Abeh planned to live with us as much as he could; that’s what he told my mother. But my mother didn’t want to live alone in this foreign place. She didn’t want to live off charity and the borrowed kindness of other women’s men. She felt that my father had already given enough of his life, his money, and his family to the SSDF. She told him the SSDF was no better than Afwayne: it was corrupt, and inept, and rotten with clan backbiting. If we had to live in Nairobi, she wanted him to be there, too, providing for us. Perhaps he could set up a business of his own for a change, and let some other fighter’s family live off our charity.
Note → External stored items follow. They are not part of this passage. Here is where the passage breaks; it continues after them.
(* Let $\Lambda:=\{(x,y)\in\mathbb{R}^2\mid -1<y<x<1\}$ and let $W$ be a positive weight function on $\Lambda$ with $W(x,y)=W(-y,-x)$. Define $V$ on $\Lambda$ by $$V\big(xy+(1-x^2)^{1/2}(1-y^2)^{1/2},\,xy-(1-x^2)^{1/2}(1-y^2)^{1/2}\big)=W(x,y).$$ Let $P_{n,k}$ be dominance orthogonal symmetric polynomials on $\Lambda$ with respect to the measure $W(x,y)(x-y)\,dx\,dy$, and let $Q_{n,k}$, $R_{n,k}$ be dominance orthogonal symmetric polynomials on $\Lambda$ with respect to $(1+x)^{-1/2}(1+y)^{-1/2}V(x,y)(x-y)\,dx\,dy$ and $(1+x)^{1/2}(1+y)^{1/2}V(x,y)(x-y)\,dx\,dy$, respectively (all relevant moments assumed finite). Assume $P_{n,k}(1,1)\ne0$, $Q_{n,k}(1,1)\ne0$, $R_{n,k}(1,1)\ne0$ for all $n\ge k\ge 0$. Then for all $n\ge k\ge0$ and $(x,y)\in\Lambda$, writing $x_\pm:=xy\pm(1-x^2)^{1/2}(1-y^2)^{1/2}$, $$\frac{Q_{n,k}(x_+,x_-)}{Q_{n,k}(1,1)}=\frac{P_{n+k,n-k}(x,y)}{P_{n+k,n-k}(1,1)},\qquad \frac{(x+y)\,R_{n,k}(x_+,x_-)}{2R_{n,k}(1,1)}=\frac{P_{n+k+1,n-k}(x,y)}{P_{n+k+1,n-k}(1,1)}.$$ Equivalently, with $x=\cos\theta_1$, $y=\cos\theta_2$: $Q_{n,k}(\cos(\theta_1-\theta_2),\cos(\theta_1+\theta_2))/Q_{n,k}(1,1)=P_{n+k,n-k}(\cos\theta_1,\cos\theta_2)/P_{n+k,n-k}(1,1)$ and $(\cos\theta_1+\cos\theta_2)R_{n,k}(\cos(\theta_1-\theta_2),\cos(\theta_1+\theta_2))/(2R_{n,k}(1,1))=P_{n+k+1,n-k}(\cos\theta_1,\cos\theta_2)/P_{n+k+1,n-k}(1,1)$.
   Context: Pairs $(m,l)$ of integers with $m\ge l\ge0$ carry the dominance partial order $(m,l)\le(n,k)$ iff $m\le n$ and $m+l\le n+k$; $(m,l)<(n,k)$ means $\le$ and $\ne$. A family of dominance orthogonal symmetric polynomials on $\Lambda$ with respect to a measure $d\mu$ consists of symmetric polynomials $P_{n,k}(x,y)=\sum_{(m,l)\le(n,k)}b_{m,l}(x^my^l+x^ly^m)$ with $b_{n,k}\ne0$ such that $\int_\Lambda P_{n,k}(x,y)(x^my^l+x^ly^m)\,d\mu(x,y)=0$ whenever $(m,l)<(n,k)$. *)

theory Defs
  imports "HOL-Analysis.Analysis"
begin

definition Lambda :: "(real \<times> real) set" where
  "Lambda = {(x, y). -1 < y \<and> y < x \<and> x < 1}"

definition dom_le :: "nat \<times> nat \<Rightarrow> nat \<times> nat \<Rightarrow> bool" where
  "dom_le a b \<longleftrightarrow> fst a \<le> fst b \<and> fst a + snd a \<le> fst b + snd b"

definition dom_lt :: "nat \<times> nat \<Rightarrow> nat \<times> nat \<Rightarrow> bool" where
  "dom_lt a b \<longleftrightarrow> dom_le a b \<and> a \<noteq> b"

definition sym_mono :: "nat \<Rightarrow> nat \<Rightarrow> real \<Rightarrow> real \<Rightarrow> real" where
  "sym_mono m l x y = x ^ m * y ^ l + x ^ l * y ^ m"

definition moments_finite :: "(real \<Rightarrow> real \<Rightarrow> real) \<Rightarrow> bool" where
  "moments_finite w \<longleftrightarrow>
     (\<forall>a b :: nat. set_integrable lborel Lambda
        (\<lambda>z. fst z ^ a * snd z ^ b * w (fst z) (snd z)))"

text \<open>P is a family of dominance orthogonal symmetric polynomials on Lambda with
  respect to the measure w(x,y) dx dy (w is the full density, e.g. W(x,y)(x-y)).\<close>
definition dominance_orthogonal ::
  "(real \<Rightarrow> real \<Rightarrow> real) \<Rightarrow> (nat \<Rightarrow> nat \<Rightarrow> real \<Rightarrow> real \<Rightarrow> real) \<Rightarrow> bool" where
  "dominance_orthogonal w P \<longleftrightarrow>
     (\<forall>n k. k \<le> n \<longrightarrow>
        (\<exists>b :: nat \<times> nat \<Rightarrow> real. b (n, k) \<noteq> 0 \<and>
           (\<forall>x y. P n k x y =
              (\<Sum>(m, l) \<in> {(m, l). l \<le> m \<and> dom_le (m, l) (n, k)}.
                  b (m, l) * sym_mono m l x y))) \<and>
        (\<forall>m l. l \<le> m \<and> dom_lt (m, l) (n, k) \<longrightarrow>
           (LINT z:Lambda|lborel. P n k (fst z) (snd z) * sym_mono m l (fst z) (snd z)
                                   * w (fst z) (snd z)) = 0))"

end

theory Submission
  imports Defs
begin

text \<open>With \<open>u = xplus x y\<close> and \<open>v = xminus x y\<close> we have \<open>u + v = 2 x y\<close> and \<open>u v = x\<^sup>2 + y\<^sup>2 - 1\<close>.
  By Newton's identities \<open>(x + y)\<^sup>r sym_mono m l u v\<close> is therefore a symmetric polynomial in \<open>(x, y)\<close>
  whose leading monomial in the dominance order is \<open>sym_mono (m + l + r) (m - l) x y\<close>; conversely, by
  triangularity, every \<open>sym_mono a b x y\<close> with \<open>a + b \<equiv> r (mod 2)\<close> is \<open>(x + y)\<^sup>r\<close> times a polynomial
  in \<open>(u, v)\<close> of lower dominance degree. The map \<open>(x, y) \<mapsto> (u, v)\<close> is two-to-one from \<open>Lambda\<close> onto
  \<open>Lambda\<close>; on each half it turns \<open>W x y (x - y) dx dy\<close> into
  \<open>V u v (u - v) / (4 sqrt (1 + u) sqrt (1 + v)) du dv\<close>, and \<open>(x + y)\<^sup>2 = (1 + u) (1 + v)\<close>.
  Hence \<open>(x + y)\<^sup>r Q n k u v\<close> (with \<open>R\<close> for \<open>Q\<close> when \<open>r = 1\<close>) is orthogonal, for the weight of \<open>P\<close>, to
  every monomial below \<open>(n + k + r, n - k)\<close> and has that leading monomial. By uniqueness of dominance
  orthogonal polynomials it is a multiple of \<open>P (n + k + r) (n - k)\<close>; evaluating at \<open>(1, 1)\<close>, where
  \<open>u = v = 1\<close>, gives the constant.\<close>

section \<open>The map \<open>(x, y) \<mapsto> (xplus x y, xminus x y)\<close> and its inverse branches\<close>

definition xplus :: "real \<Rightarrow> real \<Rightarrow> real" where
  "xplus x y = x * y + sqrt (1 - x\<^sup>2) * sqrt (1 - y\<^sup>2)"

definition xminus :: "real \<Rightarrow> real \<Rightarrow> real" where
  "xminus x y = x * y - sqrt (1 - x\<^sup>2) * sqrt (1 - y\<^sup>2)"

lemma xplus_one_one [simp]: "xplus 1 1 = 1" and xminus_one_one [simp]: "xminus 1 1 = 1"
  by (simp_all add: xplus_def xminus_def)

lemma xminus_le_xplus: "\<bar>x\<bar> \<le> 1 \<Longrightarrow> \<bar>y\<bar> \<le> 1 \<Longrightarrow> xminus x y \<le> xplus x y"
  by (simp add: xplus_def xminus_def abs_square_le_1)

lemma
  assumes "\<bar>x\<bar> \<le> 1" "\<bar>y\<bar> \<le> 1"
  shows xplus_add_xminus: "xplus x y + xminus x y = 2 * x * y"
    and xplus_mult_xminus: "xplus x y * xminus x y = x\<^sup>2 + y\<^sup>2 - 1"
proof -
  show "xplus x y + xminus x y = 2 * x * y" by (simp add: xplus_def xminus_def)
  have "x\<^sup>2 \<le> 1" "y\<^sup>2 \<le> 1" using assms by (simp_all add: abs_square_le_1)
  then have "(sqrt (1 - x\<^sup>2) * sqrt (1 - y\<^sup>2))\<^sup>2 = (1 - x\<^sup>2) * (1 - y\<^sup>2)"
    by (simp add: power_mult_distrib)
  then show "xplus x y * xminus x y = x\<^sup>2 + y\<^sup>2 - 1"
    unfolding xplus_def xminus_def by (simp add: algebra_simps power2_eq_square)
qed

lemma Lambda_iff: "(x, y) \<in> Lambda \<longleftrightarrow> -1 < y \<and> y < x \<and> x < 1"
  by (simp add: Lambda_def)

lemma Lambda_in_square: "(x, y) \<in> Lambda \<Longrightarrow> \<bar>x\<bar> \<le> 1 \<and> \<bar>y\<bar> \<le> 1"
  by (auto simp: Lambda_def)

lemma open_Lambda: "open Lambda"
proof -
  have "Lambda = {z. -1 < snd z \<and> snd z < fst z \<and> fst z < 1}" by (auto simp: Lambda_def)
  moreover have "open {z::real \<times> real. -1 < snd z \<and> snd z < fst z \<and> fst z < 1}"
    by (intro open_Collect_conj open_Collect_less continuous_intros)
  ultimately show ?thesis by simp
qed

lemma Lambda_borel [measurable]: "Lambda \<in> sets borel"
  using open_Lambda by simp

text \<open>The map \<open>(x, y) \<mapsto> (xplus x y, xminus x y)\<close> is two-to-one from \<open>Lambda\<close> onto \<open>Lambda\<close>,
  invariant under \<open>(x, y) \<mapsto> (-y, -x)\<close>; the sign of \<open>x + y\<close> selects the preimage.\<close>

definition Lambda_half :: "real \<Rightarrow> (real \<times> real) set" where
  "Lambda_half \<epsilon> = {z \<in> Lambda. 0 < \<epsilon> * (fst z + snd z)}"

definition branch :: "real \<Rightarrow> real \<times> real \<Rightarrow> real \<times> real" where
  "branch \<epsilon> z =
     ((\<epsilon> * sqrt (1 + fst z) * sqrt (1 + snd z) + sqrt (1 - fst z) * sqrt (1 - snd z)) / 2,
      (\<epsilon> * sqrt (1 + fst z) * sqrt (1 + snd z) - sqrt (1 - fst z) * sqrt (1 - snd z)) / 2)"

lemma
  shows fst_branch_add_snd: "fst (branch \<epsilon> (u, v)) + snd (branch \<epsilon> (u, v)) = \<epsilon> * sqrt (1 + u) * sqrt (1 + v)"
    and fst_branch_diff_snd: "fst (branch \<epsilon> (u, v)) - snd (branch \<epsilon> (u, v)) = sqrt (1 - u) * sqrt (1 - v)"
  by (simp_all add: branch_def field_simps)

lemma branch_neg: "branch (-1) z = (- snd (branch 1 z), - fst (branch 1 z))"
  by (simp add: branch_def field_simps)

lemma Lambda_half_subset: "Lambda_half \<epsilon> \<subseteq> Lambda"
  by (auto simp: Lambda_half_def)

lemma Lambda_half_borel [measurable]: "Lambda_half \<epsilon> \<in> sets borel"
proof -
  have "Lambda_half \<epsilon> = Lambda \<inter> {z. 0 < \<epsilon> * (fst z + snd z)}" by (auto simp: Lambda_half_def)
  moreover have "open {z::real \<times> real. 0 < \<epsilon> * (fst z + snd z)}"
    by (intro open_Collect_less continuous_intros)
  ultimately show ?thesis by simp
qed

lemma branch_mem_Lambda_half:
  assumes \<epsilon>: "\<epsilon> \<in> {-1, 1}" and uv: "(u, v) \<in> Lambda"
  shows "branch \<epsilon> (u, v) \<in> Lambda_half \<epsilon>"
proof -
  define s where "s = sqrt (1 + u)" define t where "t = sqrt (1 + v)"
  define p where "p = sqrt (1 - u)" define q where "q = sqrt (1 - v)"
  have h: "-1 < v" "v < u" "u < 1" using uv by (simp_all add: Lambda_iff)
  have pos: "s > 0" "t > 0" "p > 0" "q > 0" using h by (auto simp: s_def t_def p_def q_def)
  have sq: "s * s = 1 + u" "t * t = 1 + v" "p * p = 1 - u" "q * q = 1 - v"
    using h by (auto simp: s_def t_def p_def q_def)
  \<comment> \<open>AM-GM, strict because \<open>s \<noteq> t\<close>\<close>
  have "s \<noteq> t" using sq h by auto
  then have "(s - t) * (s - t) > 0" by (auto simp: zero_less_mult_iff)
  moreover have "(p - q) * (p - q) \<ge> 0" by auto
  ultimately have "s * t + p * q < 2" using sq by (simp add: algebra_simps)
  moreover have "\<bar>\<epsilon>\<bar> = 1" using \<epsilon> by auto
  moreover have "p * q > 0" "s * t > 0" using pos by auto
  moreover have "branch \<epsilon> (u, v) = ((\<epsilon> * s * t + p * q) / 2, (\<epsilon> * s * t - p * q) / 2)"
    by (simp add: branch_def s_def t_def p_def q_def)
  ultimately show ?thesis
    using \<epsilon> by (auto simp: Lambda_half_def Lambda_def field_simps)
qed

lemma eq_if_sum_prod_eq:
  fixes a b c d :: real
  assumes "b \<le> a" "d \<le> c" "a + b = c + d" "a * b = c * d"
  shows "a = c" "b = d"
proof -
  have "(a - b)\<^sup>2 = (a + b)\<^sup>2 - 4 * (a * b)" "(c - d)\<^sup>2 = (c + d)\<^sup>2 - 4 * (c * d)"
    by (simp_all add: power2_eq_square algebra_simps)
  then have "(a - b)\<^sup>2 = (c - d)\<^sup>2" using assms(3,4) by simp
  then have "a - b = c - d" using assms(1,2) by (simp add: power2_eq_iff_nonneg)
  then show "a = c" "b = d" using assms(3) by linarith+
qed

lemma
  assumes \<epsilon>: "\<epsilon> \<in> {-1, 1}" and uv: "(u, v) \<in> Lambda"
  shows xplus_branch: "xplus (fst (branch \<epsilon> (u, v))) (snd (branch \<epsilon> (u, v))) = u"
    and xminus_branch: "xminus (fst (branch \<epsilon> (u, v))) (snd (branch \<epsilon> (u, v))) = v"
proof -
  obtain x y where xy: "branch \<epsilon> (u, v) = (x, y)" by fastforce
  have "(x, y) \<in> Lambda" using branch_mem_Lambda_half[OF \<epsilon> uv] Lambda_half_subset xy by auto
  then have sq: "\<bar>x\<bar> \<le> 1" "\<bar>y\<bar> \<le> 1" using Lambda_in_square by blast+
  have h: "-1 < v" "v < u" "u < 1" using uv by (simp_all add: Lambda_iff)
  have s: "x + y = \<epsilon> * sqrt (1 + u) * sqrt (1 + v)" and d: "x - y = sqrt (1 - u) * sqrt (1 - v)"
    using fst_branch_add_snd[of \<epsilon> u v] fst_branch_diff_snd[of \<epsilon> u v] xy by simp_all
  have "(x + y)\<^sup>2 = (1 + u) * (1 + v)" "(x - y)\<^sup>2 = (1 - u) * (1 - v)"
    unfolding s d using \<epsilon> h by (auto simp: power_mult_distrib)
  then have "2 * x * y = u + v" "x\<^sup>2 + y\<^sup>2 - 1 = u * v"
    by (simp_all add: power2_eq_square algebra_simps)
  then have "xplus x y + xminus x y = u + v" "xplus x y * xminus x y = u * v"
    using xplus_add_xminus[OF sq] xplus_mult_xminus[OF sq] by simp_all
  from eq_if_sum_prod_eq[OF xminus_le_xplus[OF sq] _ this] h
  show "xplus (fst (branch \<epsilon> (u, v))) (snd (branch \<epsilon> (u, v))) = u"
    "xminus (fst (branch \<epsilon> (u, v))) (snd (branch \<epsilon> (u, v))) = v"
    unfolding xy by simp_all
qed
To my father, the idea of giving up the fight against Siad Barré was anathema. Somalia’s destiny as a free nation—that’s what meant most to him. Throughout his life, our mother told us, we, his family, never came first.
Initially, we lived in a hotel run by Somalis in Eastleigh, a packed, noisy neighborhood where most of the Somalis in Nairobi lived. Then we found a flat near Juja Road, on the edge of Eastleigh, where fewer Somalis lived. The main difference between Eastleigh and Juja Road was that the two neighborhoods smelled different. Eastleigh carried odors with which we were familiar: delicious foods spiced with coriander and ginger, tea laced with cardamom and cloves; women who walked past us in dirha, flowing Somali robes, left behind a whiff of frankincense and strong perfume. Once in a while, a repugnant stench from the open sewer would drift over to mingle with these sweet fragrances.
In contrast, the Juja Road neighborhood was inhabited mainly by native Kenyans, who ate ugali, powdered maize boiled in water to become a hard ball. Ugali was eaten with sukumawiki, a vegetable with large green leaves that were cut into tiny pieces and boiled for hours, similar to col-lard greens. Sukumawiki carried a pungent, terrible smell that pervaded the entire neighborhood from midmorning to late at night.
Our apartment was three flights up a newly slapped-together cinder-block building, across the road from an empty field. My grandmother bought a sheep in the market and trained it to hop up and down the stairs. She grazed it in the field and let it sleep in the bathroom. It was a pet, really; we never ate it. Looking after that sheep made her feel less estranged and gave her something familiar to do.
My father enrolled us in an English-language school. Soon after, my mother coldly informed him that young girls would be safer and better cared for in their own home than out in some gaalo school among the unbelievers in the filthy country he had brought them to. My father exploded. He yelled that he would curse her straight to Hell if she took us out of school without his permission. Then, a few days later, he left for Ethiopia.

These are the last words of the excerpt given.